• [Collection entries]
lemma tree_le_node: "tree_le u (node l j) \<longleftrightarrow> level u \<le> l \<and> j div B ^ (l - level u) = index u"
  by (simp add: tree_le_def)

lemma B_pos: "0 < B"
  using two_le_B by simp

lemma div_B_less: "j < B ^ Suc l \<Longrightarrow> j div B < B ^ l"
  using B_pos by (simp add: div_less_iff_less_mult mult.commute)

lemma two_le_leaf_count: "2 \<le> B ^ H"
proof -
  have "B ^ 1 \<le> B ^ H" using H_pos B_pos by (intro power_increasing) auto
  then show ?thesis using two_le_B by simp
qed

lemma length_leaves [simp]: "length leaves = B ^ H"
  by (simp add: leaves_def)

lemma nth_leaves: "i < B ^ H \<Longrightarrow> leaves ! i = node H i"
  by (simp add: leaves_def)

lemma finite_nodes: "finite nodes"
proof -
  have "nodes \<subseteq> (\<lambda>(l, j). node l j) ` ({..H} \<times> {..<B ^ H})"
  proof
    fix u assume u: "u \<in> nodes"
    have "B ^ level u \<le> B ^ H" using u B_pos by (intro power_increasing) (auto simp: nodes_def)
    then have "index u < B ^ H" using u by (auto simp: nodes_def)
    then show "u \<in> (\<lambda>(l, j). node l j) ` ({..H} \<times> {..<B ^ H})"
      using u node_level_index[of u] by (force simp: nodes_def)
  qed
  then show ?thesis by (rule finite_subset) auto
qed

lemma tree_le_refl: "tree_le u u"
  by (simp add: tree_le_def)

lemma tree_le_antisym: "tree_le u v \<Longrightarrow> tree_le v u \<Longrightarrow> u = v"
  by (metis node_level_index tree_le_def le_antisym diff_self_eq_0 power_0 div_by_1)

lemma tree_le_trans:
  assumes "tree_le u v" "tree_le v w"
  shows "tree_le u w"
proof -
  have "level w - level u = (level v - level u) + (level w - level v)"
    using assms by (simp add: tree_le_def)
  then have "index w div B ^ (level w - level u)
      = index w div B ^ (level w - level v) div B ^ (level v - level u)"
    using div_power_add by simp
  then show ?thesis using assms by (simp add: tree_le_def)
qed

• [PROBLEM REQUIREMENTS] Each line of the data above should appear again in your answer, exactly as given.

• [FINISHED TASK]
lemma tree_le_node: "tree_le u (node l j) \<longleftrightarrow> level u \<le> l \<and> j div B ^ (l - level u) = index u"
  by (simp add: tree_le_def)

lemma B_pos: "0 < B"
  using two_le_B by simp

lemma div_B_less: "j < B ^ Suc l \<Longrightarrow> j div B < B ^ l"
  using B_pos by (simp add: div_less_iff_less_mult mult.commute)

lemma two_le_leaf_count: "2 \<le> B ^ H"
proof -
  have "B ^ 1 \<le> B ^ H" using H_pos B_pos by (intro power_increasing) auto
  then show ?thesis using two_le_B by simp
qed

lemma length_leaves [simp]: "length leaves = B ^ H"
  by (simp add: leaves_def)

lemma nth_leaves: "i < B ^ H \<Longrightarrow> leaves ! i = node H i"
  by (simp add: leaves_def)

lemma finite_nodes: "finite nodes"
proof -
  have "nodes \<subseteq> (\<lambda>(l, j). node l j) ` ({..H} \<times> {..<B ^ H})"
  proof
    fix u assume u: "u \<in> nodes"
    have "B ^ level u \<le> B ^ H" using u B_pos by (intro power_increasing) (auto simp: nodes_def)
    then have "index u < B ^ H" using u by (auto simp: nodes_def)
    then show "u \<in> (\<lambda>(l, j). node l j) ` ({..H} \<times> {..<B ^ H})"
      using u node_level_index[of u] by (force simp: nodes_def)
  qed
  then show ?thesis by (rule finite_subset) auto
qed

lemma tree_le_refl: "tree_le u u"
  by (simp add: tree_le_def)

lemma tree_le_antisym: "tree_le u v \<Longrightarrow> tree_le v u \<Longrightarrow> u = v"
  by (metis node_level_index tree_le_def le_antisym diff_self_eq_0 power_0 div_by_1)

lemma tree_le_trans:
  assumes "tree_le u v" "tree_le v w"
  shows "tree_le u w"
proof -
  have "level w - level u = (level v - level u) + (level w - level v)"
    using assms by (simp add: tree_le_def)
  then have "index w div B ^ (level w - level u)
      = index w div B ^ (level w - level v) div B ^ (level v - level u)"
    using div_power_add by simp
  then show ?thesis using assms by (simp add: tree_le_def)
qed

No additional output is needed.